1. Message Digest [25 Points] Write a program to demonstrate the use of hashing using MD5 and SHA scheme and the MessageDigest class. Your program should allow a user to enter a string; the program then hashes it and output the result. You will need to consult Java API documentation to learn how to use java classes. You can download and install the documentation yourself, or you can access them from this URL: http://java.sun.com/j2se/1.4.2/docs/api/index.html 2. Various Crypto Techniques [125 Points] The objective of this exercise is to use Java features to write some security mechanisms that can be used in applications. You will be using the classes from Java Cryptographic Extension to implement them. You will need to consult Java API documentation. You can download and install the documentation yourself, or you can access them from this URL: http://java.sun.com/j2se/1.4.2/docs/api/index.html Java books that you can reference

Inside Java 2 Platform Security, 2nd Edition, L. Gong, G. Ellision, M. Dageforde Java Security, Scott Oaks, O’Reilly

For each part of the assignment, skeleton Java code has been provided. These skeletons will NOT compile. You will need to make modifications on them before they can be successfully compiled and run. A) Authentication For the first part of the assignment, you should use the skeleton Java code to implement double-strength password login using message digest. The following diagram illustrates the double strength password.

Note that you need to generate 2 random numbers and 2 timestamps. There are three classes defined:

 Protection, which provides three functions makeBytes, makeDigest (version 1), and makeDigest (version 2).

o makeBytes takes in a long integer and a double, then converts them into a single byte array. makeBytes has already been implemented for you.

o makeDigest (version 1) takes in a byte array, a timestamp, and a random number, then generates a digest using SHA. This function has already been implemented for you.

o makeDigest (version 2) takes in a user name, a password, a timestamp, and a random number, then generates a digest using SHA. You need to implement this function. You may have to consult MessageDigest API in the documentation.
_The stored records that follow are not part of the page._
text \<open>Count the pairs (z, y) with z an A-neighbour of x0 and y a common S-neighbour of z
  and x'. Grouping by y, a point y of S(x') contributes an intersection number of A with
  S or with T, according as (x0, y) lies in S or in T; so only the size of
  S(x') \<inter> S(x0) matters, and that size does not depend on x'.\<close>
lemma sum_common_out_nbhd_A_eq:
  assumes Y: "fiber \<R> Y" and ST: "rels_between \<R> X Y = {S, T}" and x0: "x0 \<in> X"
    and x': "x' \<in> X" "x' \<noteq> x0" and x'': "x'' \<in> X" "x'' \<noteq> x0"
  shows "(\<Sum>z\<in>out_nbhd A x0. card (out_nbhd S z \<inter> out_nbhd S x'))
       = (\<Sum>z\<in>out_nbhd A x0. card (out_nbhd S z \<inter> out_nbhd S x''))"
proof -
  have S: "S \<in> \<R>" "S \<subseteq> X \<times> Y" and T: "T \<in> \<R>" "T \<subseteq> X \<times> Y"
    using ST by (auto simp: rels_between_def)
  have finS: "finite (out_nbhd S x)" for x
    using finite_fiber[OF Y] out_nbhd_subset[OF S(2)] finite_subset by blast
  have finA: "finite (out_nbhd A x0)"
    using finite_X out_nbhd_subset[OF A_rel(2)] finite_subset by blast
  obtain \<alpha> where \<alpha>: "card (out_nbhd A x \<inter> {z. (z, y) \<in> S}) = \<alpha>" if "(x, y) \<in> S" for x y
    using intersection_number_eq[OF A_rel(1) S(1) S(1)] by (metis out_nbhd_converse)
  obtain \<beta> where \<beta>: "card (out_nbhd A x \<inter> {z. (z, y) \<in> S}) = \<beta>" if "(x, y) \<in> T" for x y
    using intersection_number_eq[OF A_rel(1) S(1) T(1)] by (metis out_nbhd_converse)
  have expand: "(\<Sum>z\<in>out_nbhd A x0. card (out_nbhd S z \<inter> out_nbhd S x))
      = \<alpha> * card (out_nbhd S x \<inter> out_nbhd S x0) + \<beta> * (valency S - card (out_nbhd S x \<inter> out_nbhd S x0))"
    if x: "x \<in> X" for x
  proof -
    have "(\<Sum>z\<in>out_nbhd A x0. card {y\<in>out_nbhd S x. (z, y) \<in> S})
        = (\<Sum>y\<in>out_nbhd S x. card {z\<in>out_nbhd A x0. (z, y) \<in> S})"
      using finA finS by (rule sum_card_filter_swap)
    also have "\<dots> = (\<Sum>y\<in>out_nbhd S x. if y \<in> out_nbhd S x0 then \<alpha> else \<beta>)"
    proof (rule sum.cong[OF refl])
      fix y assume "y \<in> out_nbhd S x"
      then have "y \<in> Y" using S(2) by (auto simp: out_nbhd_def)
      then have "(x0, y) \<in> S \<or> (x0, y) \<in> T"
        using rels_between_cover[OF fiber_X Y x0] ST by auto
      moreover have "{z\<in>out_nbhd A x0. (z, y) \<in> S} = out_nbhd A x0 \<inter> {z. (z, y) \<in> S}" by auto
      ultimately show "card {z\<in>out_nbhd A x0. (z, y) \<in> S} = (if y \<in> out_nbhd S x0 then \<alpha> else \<beta>)"
        using \<alpha> \<beta> rel_unique[OF S(1) T(1)] by (auto simp: out_nbhd_def)
    qed
    also have "\<dots> = \<alpha> * card (out_nbhd S x \<inter> out_nbhd S x0) + \<beta> * card (out_nbhd S x - out_nbhd S x0)"
      using sum.If_cases[OF finS, of "\<lambda>y. y \<in> out_nbhd S x0" "\<lambda>_. \<alpha>" "\<lambda>_. \<beta>" x]
      by (simp add: Diff_eq)
    also have "card (out_nbhd S x - out_nbhd S x0) = valency S - card (out_nbhd S x \<inter> out_nbhd S x0)"
      using card_out_nbhd_eq_valency[OF fiber_X S x] card_Diff_subset_Int[of "out_nbhd S x" "out_nbhd S x0"]
        finS[of x] by simp
    finally show ?thesis by (simp add: out_nbhd_def Int_def conj_commute)
  qed
  obtain p where "\<And>x x'. x \<in> X \<Longrightarrow> x' \<in> X \<Longrightarrow> x \<noteq> x' \<Longrightarrow>
      card (out_nbhd S x \<inter> out_nbhd S x') = p"
    using common_out_nbhd_number[OF S(1)] by blast
  then show ?thesis using expand[OF x'(1)] expand[OF x''(1)] x' x'' x0 by simp
qed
 ProtectedClient, which implements the client. There are two functions: main and

sendAuthentication. o main is the starting point of the client program and has already been

implemented for you. Make sure the host variable is set to the correct server address (it is currently set to cse.unt.edu).

o sendAuthentication is the function that you need to implement. It takes in user name, password, and an output stream as the function inputs. In this function, you should implement double-strength password authentication and send to the server by writing to the variable ‘out’. Consult DataOutputStream API on how to write different data types to ‘out’.
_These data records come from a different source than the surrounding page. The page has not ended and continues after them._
(* Let $\nu\ge1$, $\omega>0$, $\lambda_1,\dots,\lambda_\nu\ge0$, $c_{\omega,\lambda}=(\omega^2+4\sum_{j=1}^\nu\lambda_j)^{1/2}$, $L$ a positive integer, $\Lambda_L=(-L,L]^\nu\cap\mathbb Z^\nu$, $\Lambda_L^*=\{\pi x/L:x\in\Lambda_L\}$, $\gamma(k)=\sqrt{\omega^2+4\sum_j\lambda_j\sin^2(k_j/2)}$, and define for $x\in\Lambda_L$, $t\in\mathbb R$ $$h^{(L)}_{1,t}(x)=\frac i2\,\mathrm{Im}\Big[\frac1{|\Lambda_L|}\sum_{k\in\Lambda_L^*}\Big(\gamma(k)+\frac1{\gamma(k)}\Big)e^{ik\cdot x-2i\gamma(k)t}\Big]+\mathrm{Re}\Big[\frac1{|\Lambda_L|}\sum_{k\in\Lambda_L^*}e^{ik\cdot x-2i\gamma(k)t}\Big],$$ $$h^{(L)}_{2,t}(x)=\frac i2\,\mathrm{Im}\Big[\frac1{|\Lambda_L|}\sum_{k\in\Lambda_L^*}\Big(\gamma(k)-\frac1{\gamma(k)}\Big)e^{ik\cdot x-2i\gamma(k)t}\Big].$$ Then for $m=1,2$, all $\mu>0$, $t\in\mathbb R$, $x\in\Lambda_L$ and every $L$, $$|h^{(L)}_{m,t}(x)|\le\Big(1+\tfrac12c_{\omega,\lambda}e^{\mu/2}+\tfrac12c_{\omega,\lambda}^{-1}\Big)e^{-\mu\left(|x|-c_{\omega,\lambda}\max\left(\frac2\mu,e^{(\mu/2)+1}\right)|t|\right)},$$ where $|x|=\sum_{j=1}^\nu|x_j|$. *)

theory Defs
  imports Complex_Main
begin

text \<open>Dimension nu = CARD('n) (at least 1, since types are nonempty).
  Sites of Z^nu are functions 'n => int.\<close>

definition c_wl :: "real \<Rightarrow> ('n::finite \<Rightarrow> real) \<Rightarrow> real" where
  "c_wl \<omega> lam = sqrt (\<omega>^2 + 4 * (\<Sum>j\<in>UNIV. lam j))"

definition gam :: "real \<Rightarrow> ('n::finite \<Rightarrow> real) \<Rightarrow> ('n \<Rightarrow> real) \<Rightarrow> real" where
  "gam \<omega> lam k = sqrt (\<omega>^2 + 4 * (\<Sum>j\<in>UNIV. lam j * (sin (k j / 2))^2))"

definition Lam :: "nat \<Rightarrow> ('n::finite \<Rightarrow> int) set" where
  "Lam L = {x. \<forall>j. - int L < x j \<and> x j \<le> int L}"

definition Lam_star :: "nat \<Rightarrow> ('n::finite \<Rightarrow> real) set" where
  "Lam_star L = (\<lambda>x j. pi * real_of_int (x j) / real L) ` Lam L"

definition dotp :: "('n::finite \<Rightarrow> real) \<Rightarrow> ('n \<Rightarrow> int) \<Rightarrow> real" where
  "dotp k x = (\<Sum>j\<in>UNIV. k j * real_of_int (x j))"

definition l1norm :: "('n::finite \<Rightarrow> int) \<Rightarrow> real" where
  "l1norm x = (\<Sum>j\<in>UNIV. \<bar>real_of_int (x j)\<bar>)"

definition avg :: "real \<Rightarrow> ('n::finite \<Rightarrow> real) \<Rightarrow> nat \<Rightarrow> (('n \<Rightarrow> real) \<Rightarrow> real)
    \<Rightarrow> real \<Rightarrow> ('n \<Rightarrow> int) \<Rightarrow> complex" where
  "avg \<omega> lam L g t x = (1 / of_nat (card (Lam L :: ('n \<Rightarrow> int) set))) *
     (\<Sum>k\<in>Lam_star L. complex_of_real (g k) *
        exp (\<i> * complex_of_real (dotp k x) - 2 * \<i> * complex_of_real (gam \<omega> lam k) * complex_of_real t))"

definition h1 :: "real \<Rightarrow> ('n::finite \<Rightarrow> real) \<Rightarrow> nat \<Rightarrow> real \<Rightarrow> ('n \<Rightarrow> int) \<Rightarrow> complex" where
  "h1 \<omega> lam L t x =
     (\<i> / 2) * complex_of_real (Im (avg \<omega> lam L (\<lambda>k. gam \<omega> lam k + 1 / gam \<omega> lam k) t x))
     + complex_of_real (Re (avg \<omega> lam L (\<lambda>k. 1) t x))"

definition h2 :: "real \<Rightarrow> ('n::finite \<Rightarrow> real) \<Rightarrow> nat \<Rightarrow> real \<Rightarrow> ('n \<Rightarrow> int) \<Rightarrow> complex" where
  "h2 \<omega> lam L t x =
     (\<i> / 2) * complex_of_real (Im (avg \<omega> lam L (\<lambda>k. gam \<omega> lam k - 1 / gam \<omega> lam k) t x))"

end

theory Submission
  imports Defs "HOL-Library.FuncSet"
begin

text \<open>
  After reindexing by \<open>Lam L\<close> and using the symmetry \<open>n \<mapsto> -n\<close>, which fixes \<open>\<gamma>\<close> and flips the sign
  of \<open>sin (k \<bullet> x)\<close>, both \<open>h1\<close> and \<open>h2\<close> are combinations of the real sums
  \<open>\<Sum>n. \<phi> (\<gamma> k\<^sub>n) * cos (k\<^sub>n \<bullet> x)\<close> with \<open>\<phi> g = cos (2 g t)\<close>, \<open>g * sin (2 g t)\<close> and \<open>sin (2 g t) / g\<close>.
  Since \<open>\<gamma>\<^sup>2\<close> is a trigonometric polynomial of degree one in each coordinate of \<open>k\<close>, orthogonality of
  the characters of the torus gives \<open>\<Sum>n. (\<gamma> k\<^sub>n)^(2m) * cos (k\<^sub>n \<bullet> x) = 0\<close> for \<open>m < |x|\<close>. Expanding
  the first two sums as power series in \<open>t\<close>, only the monomials of degree at least \<open>2|x|\<close> survive,
  so for every \<open>\<beta> \<ge> 1\<close> the sum is at most \<open>|Lam L| * exp (\<beta> z) / \<beta>^(2|x|)\<close> with \<open>z = 2 c |t|\<close>;
  choosing \<open>\<beta> = exp (\<mu>/2)\<close> or \<open>\<beta> = 2|x| / z\<close> gives the exponential decay. The third sum is the
  integral in \<open>t\<close> of twice the first.
\<close>

section \<open>Characters of the discrete torus\<close>

definition freq :: "nat \<Rightarrow> ('n::finite \<Rightarrow> int) \<Rightarrow> 'n \<Rightarrow> real" where
  "freq L n = (\<lambda>j. pi * real_of_int (n j) / real L)"

definition torus_char :: "nat \<Rightarrow> ('n::finite \<Rightarrow> int) \<Rightarrow> ('n \<Rightarrow> int) \<Rightarrow> complex" where
  "torus_char L n y = cis (dotp (freq L n) y)"

lemma torus_char_add: "torus_char L n (\<lambda>j. y j + z j) = torus_char L n y * torus_char L n z"
  by (simp add: torus_char_def dotp_def cis_mult sum.distrib distrib_left)

lemma finite_Lam: "finite (Lam L :: ('n::finite \<Rightarrow> int) set)"
proof -
  have "Lam L = PiE UNIV (\<lambda>_::'n. {-int L<..int L})"
    by (auto simp: Lam_def PiE_def extensional_def)
  thus ?thesis by (simp add: finite_PiE)
qed

lemma card_Lam_pos: "L > 0 \<Longrightarrow> card (Lam L :: ('n::finite \<Rightarrow> int) set) > 0"
  using finite_Lam by (auto simp: card_gt_0_iff Lam_def intro!: exI[of _ "\<lambda>_. 0"])

lemma in_LamD: "n \<in> Lam L \<Longrightarrow> - int L < n j \<and> n j \<le> int L"
  by (simp add: Lam_def)

lemma Lam_upd: "n \<in> Lam L \<Longrightarrow> - int L < v \<Longrightarrow> v \<le> int L \<Longrightarrow> n(j := v) \<in> Lam L"
  by (simp add: Lam_def)

definition cyc_shift :: "nat \<Rightarrow> 'n \<Rightarrow> ('n \<Rightarrow> int) \<Rightarrow> 'n \<Rightarrow> int" where
  "cyc_shift L j n = n(j := if n j = int L then 1 - int L else n j + 1)"

lemma bij_cyc_shift: "bij_betw (cyc_shift L j) (Lam L) (Lam L)"
proof (rule bij_betw_byWitness)
  let ?back = "\<lambda>n. n(j := if n j = 1 - int L then int L else n j - 1)"
  show "\<forall>n\<in>Lam L. ?back (cyc_shift L j n) = n"
    by (auto simp: cyc_shift_def fun_eq_iff dest: in_LamD[of _ _ j])
  show "\<forall>n\<in>Lam L. cyc_shift L j (?back n) = n"
    by (auto simp: cyc_shift_def fun_eq_iff dest: in_LamD[of _ _ j])
  show "cyc_shift L j ` Lam L \<subseteq> Lam L" "?back ` Lam L \<subseteq> Lam L"
    by (auto simp: cyc_shift_def intro!: Lam_upd dest: in_LamD[of _ _ j])
qed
 ProtectedServer, which implements the server. There are three functions: main,

lookupPassword, and authenticate. o main is the starting point of the server program and has already been

implemented for you. It creates a server process that waits for an incoming connection. Once a connection is established, authenticate is called to authenticate the user. If the user successfully authenticate, your program should print out “Client logged in.”

o lookupPassword, which simply returns the password of the user stored on the server.

o authenticate is the function which you need to implement to authenticate the user trying to log in. Consult DataInputStream API on how to read data from the ‘in’ stream. The function should return either true or false depending on whether the user is authenticated.

B) Signature

In this part of the assignment, you are to implement the ElGamal Signature scheme described below.

The ElGamal Signature scheme is similar to the Diffie-Hellman scheme. It relies on the difficulty of solving the discrete logarithm problem. Choose a prime p and two random numbers g and d both less than p. Compute y = gd mod p. The public key is the triplet (y, g, p); the private key is d.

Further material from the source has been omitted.